Thursday, 28 October 2021

Using Weblogo for sequence logos

A very nice tool for creating sequence logos is the Weblogo website.
You can paste in a multiple alignment like this:

AATGGAAGTGGAAAATCTGTTAGCA
TTATATTAGGAAAATCGTTATAGCA
ATTATGAGTGGAAAATCATGTAGCA
GAAATCAATTGATAGAATATGAGCA


and get back a sequence logo, lovely!

 


 

 



Monday, 25 October 2021

Using Ontologizer for GO enrichment analysis

I previously used the Ontologizer tool for GO enrichment analysis, but that was a few years ago (see Woods et al PMID:23675306). I remember it having a nice algorithm that takes the relationship between parent and child GO terms into account. I decided to use it again, this time to test for GO enrichment among a list of Schistosoma mansoni genes.  

Installing Ontologizer

I downloaded Ontologizer onto the Sanger compute farm using:
% wget http://ontologizer.de/cmdline/Ontologizer.jar 
This is the command-line version of Ontologizer.
You can see instructions for installing it and running it here: here.

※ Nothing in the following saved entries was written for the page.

(* Let $T$ be a triangle which is not of type $(108^\circ,36^\circ,36^\circ)$, $(72^\circ,72^\circ,36^\circ)$ or $(120^\circ,30^\circ,30^\circ)$. Then the tight 5-cycle $C_5$ with vertex set $[5]$ and edges $123,234,345,145,125$ is forbidden for $T$.
   Context: A 3-graph is a 3-uniform hypergraph; $G$ is $F$-free if it has no (not necessarily induced) subhypergraph isomorphic to $F$. A triangle is of type $(\alpha,\beta,\gamma)$ if $\alpha\ge\beta\ge\gamma$ are its interior angles in degrees. For a triangle $T$ with side lengths $a,b,c$ and $\varepsilon>0$, with $\varepsilon'=\varepsilon\min\{a,b,c\}$, a triangle $A'B'C'$ is $\varepsilon$-congruent to $T$ if there are $A,B,C\in\mathbb{R}^2$ with $ABC$ congruent to $T$ and $A',B',C'$ within distance $\varepsilon'$ of $A,B,C$ respectively. For finite $P\subseteq\mathbb{R}^2$, $\mathcal{H}(T,P,\varepsilon)$ is the 3-graph on $P$ whose edges are triples forming triangles $\varepsilon$-congruent to $T$. A 3-graph $H$ is forbidden for $T$ if there exists $\varepsilon>0$ such that for every $P\subseteq\mathbb{R}^2$ with $|P|=|V(H)|$, $\mathcal{H}(T,P,\varepsilon)$ is $H$-free. *)

theory Defs
  imports "HOL-Analysis.Analysis" "HOL-Library.Multiset"
begin

type_synonym pt = "real ^ 2"

type_synonym triangle = "pt \<times> pt \<times> pt"

definition is_triangle :: "triangle \<Rightarrow> bool" where
  "is_triangle T = (case T of (A, B, C) \<Rightarrow> \<not> collinear {A, B, C})"

definition angle_deg :: "pt \<Rightarrow> pt \<Rightarrow> pt \<Rightarrow> real" where
  "angle_deg A B C =
     arccos (((A - B) \<bullet> (C - B)) / (norm (A - B) * norm (C - B))) * 180 / pi"

definition tri_type :: "triangle \<Rightarrow> real \<Rightarrow> real \<Rightarrow> real \<Rightarrow> bool" where
  "tri_type T \<alpha> \<beta> \<gamma> = (case T of (A, B, C) \<Rightarrow>
     {# angle_deg C A B, angle_deg A B C, angle_deg B C A #} = {# \<alpha>, \<beta>, \<gamma> #})"

definition min_side :: "triangle \<Rightarrow> real" where
  "min_side T = (case T of (A, B, C) \<Rightarrow> min (dist B C) (min (dist C A) (dist A B)))"

definition congruent :: "pt \<Rightarrow> pt \<Rightarrow> pt \<Rightarrow> triangle \<Rightarrow> bool" where
  "congruent A B C T = (case T of (X, Y, Z) \<Rightarrow>
     \<exists>f :: pt \<Rightarrow> pt. (\<forall>u v. dist (f u) (f v) = dist u v) \<and> {f X, f Y, f Z} = {A, B, C})"

definition eps_congruent :: "triangle \<Rightarrow> real \<Rightarrow> pt \<Rightarrow> pt \<Rightarrow> pt \<Rightarrow> bool" where
  "eps_congruent T \<epsilon> A' B' C' =
     (\<exists>A B C. congruent A B C T \<and>
        dist A' A \<le> \<epsilon> * min_side T \<and> dist B' B \<le> \<epsilon> * min_side T \<and>
        dist C' C \<le> \<epsilon> * min_side T)"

Note I remember there was also a beautiful GUI for Ontologizer. There are instructions for installing it here. However, unfortunately I wasn't able to figure out how to install it this time (I tried to install on my Mac laptop, and found it needs a file swt.jar, which I wasn't able to find on the web, the links to that seem to be broken now.) Oh well!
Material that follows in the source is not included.